WHAT THE TASK ASKS ▸ All records that follow are to be restated exactly.

ENTRIES SHOWN ▸
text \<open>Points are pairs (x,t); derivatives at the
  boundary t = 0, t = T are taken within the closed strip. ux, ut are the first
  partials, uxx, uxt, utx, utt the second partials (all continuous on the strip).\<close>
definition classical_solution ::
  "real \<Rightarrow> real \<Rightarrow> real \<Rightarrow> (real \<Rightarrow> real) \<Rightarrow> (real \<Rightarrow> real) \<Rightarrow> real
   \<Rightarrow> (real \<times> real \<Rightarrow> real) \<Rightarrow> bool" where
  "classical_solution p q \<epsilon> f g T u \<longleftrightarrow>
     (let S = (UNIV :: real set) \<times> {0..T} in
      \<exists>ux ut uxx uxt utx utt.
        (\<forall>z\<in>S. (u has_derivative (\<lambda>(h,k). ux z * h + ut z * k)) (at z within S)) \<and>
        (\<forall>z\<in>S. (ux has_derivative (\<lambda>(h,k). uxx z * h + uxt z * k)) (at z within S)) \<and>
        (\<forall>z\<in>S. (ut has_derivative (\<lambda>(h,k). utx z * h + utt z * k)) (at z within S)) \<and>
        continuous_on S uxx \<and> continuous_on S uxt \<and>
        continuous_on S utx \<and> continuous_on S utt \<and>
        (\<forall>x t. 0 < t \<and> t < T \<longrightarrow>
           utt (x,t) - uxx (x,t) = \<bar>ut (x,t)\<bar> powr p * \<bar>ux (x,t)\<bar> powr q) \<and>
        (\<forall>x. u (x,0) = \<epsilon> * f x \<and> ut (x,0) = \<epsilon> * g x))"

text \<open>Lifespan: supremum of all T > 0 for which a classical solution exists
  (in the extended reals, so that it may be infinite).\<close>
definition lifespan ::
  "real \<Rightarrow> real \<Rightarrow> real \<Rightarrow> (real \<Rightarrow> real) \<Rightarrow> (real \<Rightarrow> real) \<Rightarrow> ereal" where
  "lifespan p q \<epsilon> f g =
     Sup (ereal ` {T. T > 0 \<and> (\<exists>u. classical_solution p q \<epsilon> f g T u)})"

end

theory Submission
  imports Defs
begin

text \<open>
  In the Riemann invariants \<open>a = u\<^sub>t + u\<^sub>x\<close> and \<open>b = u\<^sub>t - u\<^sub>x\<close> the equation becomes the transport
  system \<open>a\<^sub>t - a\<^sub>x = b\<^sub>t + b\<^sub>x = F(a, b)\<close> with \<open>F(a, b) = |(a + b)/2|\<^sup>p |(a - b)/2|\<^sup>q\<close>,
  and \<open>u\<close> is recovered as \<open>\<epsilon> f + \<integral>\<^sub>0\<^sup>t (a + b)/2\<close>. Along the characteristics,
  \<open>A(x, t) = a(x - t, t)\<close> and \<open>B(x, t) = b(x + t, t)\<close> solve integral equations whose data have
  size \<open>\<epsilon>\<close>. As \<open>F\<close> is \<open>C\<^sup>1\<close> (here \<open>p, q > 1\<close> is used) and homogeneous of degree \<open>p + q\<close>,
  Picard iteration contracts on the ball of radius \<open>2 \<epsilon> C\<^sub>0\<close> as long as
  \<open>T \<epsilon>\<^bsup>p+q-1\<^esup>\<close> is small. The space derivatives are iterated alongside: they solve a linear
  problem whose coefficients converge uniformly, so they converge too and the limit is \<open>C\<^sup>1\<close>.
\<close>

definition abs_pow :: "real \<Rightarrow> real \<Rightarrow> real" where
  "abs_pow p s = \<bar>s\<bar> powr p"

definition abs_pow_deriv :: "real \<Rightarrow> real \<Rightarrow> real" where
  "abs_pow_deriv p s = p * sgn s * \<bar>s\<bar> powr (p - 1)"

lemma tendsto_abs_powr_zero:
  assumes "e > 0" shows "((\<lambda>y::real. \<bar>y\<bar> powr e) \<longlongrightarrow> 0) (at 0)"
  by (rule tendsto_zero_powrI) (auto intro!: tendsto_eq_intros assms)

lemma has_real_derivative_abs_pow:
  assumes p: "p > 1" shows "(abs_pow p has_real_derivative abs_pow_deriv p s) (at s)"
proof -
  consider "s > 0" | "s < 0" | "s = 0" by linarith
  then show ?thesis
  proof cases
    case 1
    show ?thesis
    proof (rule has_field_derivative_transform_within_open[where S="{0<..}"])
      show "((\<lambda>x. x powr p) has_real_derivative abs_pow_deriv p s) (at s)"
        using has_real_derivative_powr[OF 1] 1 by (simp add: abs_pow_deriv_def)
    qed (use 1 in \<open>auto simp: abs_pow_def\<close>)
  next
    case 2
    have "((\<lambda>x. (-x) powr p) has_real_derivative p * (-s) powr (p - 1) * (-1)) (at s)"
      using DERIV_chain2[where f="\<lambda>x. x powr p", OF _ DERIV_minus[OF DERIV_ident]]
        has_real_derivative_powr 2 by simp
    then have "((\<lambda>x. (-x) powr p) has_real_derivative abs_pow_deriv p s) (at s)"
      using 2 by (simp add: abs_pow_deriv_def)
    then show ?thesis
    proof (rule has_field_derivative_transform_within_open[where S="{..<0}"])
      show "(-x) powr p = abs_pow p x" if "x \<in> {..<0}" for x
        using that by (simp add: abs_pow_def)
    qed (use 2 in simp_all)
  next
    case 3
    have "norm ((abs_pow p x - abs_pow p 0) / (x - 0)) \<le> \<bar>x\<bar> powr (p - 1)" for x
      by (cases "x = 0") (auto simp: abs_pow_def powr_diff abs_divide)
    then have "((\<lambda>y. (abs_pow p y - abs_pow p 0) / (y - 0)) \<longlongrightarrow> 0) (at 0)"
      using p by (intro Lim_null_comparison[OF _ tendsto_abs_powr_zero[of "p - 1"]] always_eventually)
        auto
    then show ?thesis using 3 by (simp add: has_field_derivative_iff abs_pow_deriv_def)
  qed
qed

SOLUTION TO THE EXERCISE ▸
text \<open>Points are pairs (x,t); derivatives at the
  boundary t = 0, t = T are taken within the closed strip. ux, ut are the first
  partials, uxx, uxt, utx, utt the second partials (all continuous on the strip).\<close>
definition classical_solution ::
  "real \<Rightarrow> real \<Rightarrow> real \<Rightarrow> (real \<Rightarrow> real) \<Rightarrow> (real \<Rightarrow> real) \<Rightarrow> real
   \<Rightarrow> (real \<times> real \<Rightarrow> real) \<Rightarrow> bool" where
  "classical_solution p q \<epsilon> f g T u \<longleftrightarrow>
     (let S = (UNIV :: real set) \<times> {0..T} in
      \<exists>ux ut uxx uxt utx utt.
        (\<forall>z\<in>S. (u has_derivative (\<lambda>(h,k). ux z * h + ut z * k)) (at z within S)) \<and>
        (\<forall>z\<in>S. (ux has_derivative (\<lambda>(h,k). uxx z * h + uxt z * k)) (at z within S)) \<and>
        (\<forall>z\<in>S. (ut has_derivative (\<lambda>(h,k). utx z * h + utt z * k)) (at z within S)) \<and>
        continuous_on S uxx \<and> continuous_on S uxt \<and>
        continuous_on S utx \<and> continuous_on S utt \<and>
        (\<forall>x t. 0 < t \<and> t < T \<longrightarrow>
           utt (x,t) - uxx (x,t) = \<bar>ut (x,t)\<bar> powr p * \<bar>ux (x,t)\<bar> powr q) \<and>
        (\<forall>x. u (x,0) = \<epsilon> * f x \<and> ut (x,0) = \<epsilon> * g x))"

text \<open>Lifespan: supremum of all T > 0 for which a classical solution exists
  (in the extended reals, so that it may be infinite).\<close>
definition lifespan ::
  "real \<Rightarrow> real \<Rightarrow> real \<Rightarrow> (real \<Rightarrow> real) \<Rightarrow> (real \<Rightarrow> real) \<Rightarrow> ereal" where
  "lifespan p q \<epsilon> f g =
     Sup (ereal ` {T. T > 0 \<and> (\<exists>u. classical_solution p q \<epsilon> f g T u)})"

end

theory Submission
  imports Defs
begin

text \<open>
  In the Riemann invariants \<open>a = u\<^sub>t + u\<^sub>x\<close> and \<open>b = u\<^sub>t - u\<^sub>x\<close> the equation becomes the transport
  system \<open>a\<^sub>t - a\<^sub>x = b\<^sub>t + b\<^sub>x = F(a, b)\<close> with \<open>F(a, b) = |(a + b)/2|\<^sup>p |(a - b)/2|\<^sup>q\<close>,
  and \<open>u\<close> is recovered as \<open>\<epsilon> f + \<integral>\<^sub>0\<^sup>t (a + b)/2\<close>. Along the characteristics,
  \<open>A(x, t) = a(x - t, t)\<close> and \<open>B(x, t) = b(x + t, t)\<close> solve integral equations whose data have
  size \<open>\<epsilon>\<close>. As \<open>F\<close> is \<open>C\<^sup>1\<close> (here \<open>p, q > 1\<close> is used) and homogeneous of degree \<open>p + q\<close>,
  Picard iteration contracts on the ball of radius \<open>2 \<epsilon> C\<^sub>0\<close> as long as
  \<open>T \<epsilon>\<^bsup>p+q-1\<^esup>\<close> is small. The space derivatives are iterated alongside: they solve a linear
  problem whose coefficients converge uniformly, so they converge too and the limit is \<open>C\<^sup>1\<close>.
\<close>

definition abs_pow :: "real \<Rightarrow> real \<Rightarrow> real" where
  "abs_pow p s = \<bar>s\<bar> powr p"

definition abs_pow_deriv :: "real \<Rightarrow> real \<Rightarrow> real" where
  "abs_pow_deriv p s = p * sgn s * \<bar>s\<bar> powr (p - 1)"

lemma tendsto_abs_powr_zero:
  assumes "e > 0" shows "((\<lambda>y::real. \<bar>y\<bar> powr e) \<longlongrightarrow> 0) (at 0)"
  by (rule tendsto_zero_powrI) (auto intro!: tendsto_eq_intros assms)

lemma has_real_derivative_abs_pow:
  assumes p: "p > 1" shows "(abs_pow p has_real_derivative abs_pow_deriv p s) (at s)"
proof -
  consider "s > 0" | "s < 0" | "s = 0" by linarith
  then show ?thesis
  proof cases
    case 1
    show ?thesis
    proof (rule has_field_derivative_transform_within_open[where S="{0<..}"])
      show "((\<lambda>x. x powr p) has_real_derivative abs_pow_deriv p s) (at s)"
        using has_real_derivative_powr[OF 1] 1 by (simp add: abs_pow_deriv_def)
    qed (use 1 in \<open>auto simp: abs_pow_def\<close>)
  next
    case 2
    have "((\<lambda>x. (-x) powr p) has_real_derivative p * (-s) powr (p - 1) * (-1)) (at s)"
      using DERIV_chain2[where f="\<lambda>x. x powr p", OF _ DERIV_minus[OF DERIV_ident]]
        has_real_derivative_powr 2 by simp
    then have "((\<lambda>x. (-x) powr p) has_real_derivative abs_pow_deriv p s) (at s)"
      using 2 by (simp add: abs_pow_deriv_def)
    then show ?thesis
    proof (rule has_field_derivative_transform_within_open[where S="{..<0}"])
      show "(-x) powr p = abs_pow p x" if "x \<in> {..<0}" for x
        using that by (simp add: abs_pow_def)
    qed (use 2 in simp_all)
  next
    case 3
    have "norm ((abs_pow p x - abs_pow p 0) / (x - 0)) \<le> \<bar>x\<bar> powr (p - 1)" for x
      by (cases "x = 0") (auto simp: abs_pow_def powr_diff abs_divide)
    then have "((\<lambda>y. (abs_pow p y - abs_pow p 0) / (y - 0)) \<longlongrightarrow> 0) (at 0)"
      using p by (intro Lim_null_comparison[OF _ tendsto_abs_powr_zero[of "p - 1"]] always_eventually)
        auto
    then show ?thesis using 3 by (simp add: has_field_derivative_iff abs_pow_deriv_def)
  qed
qed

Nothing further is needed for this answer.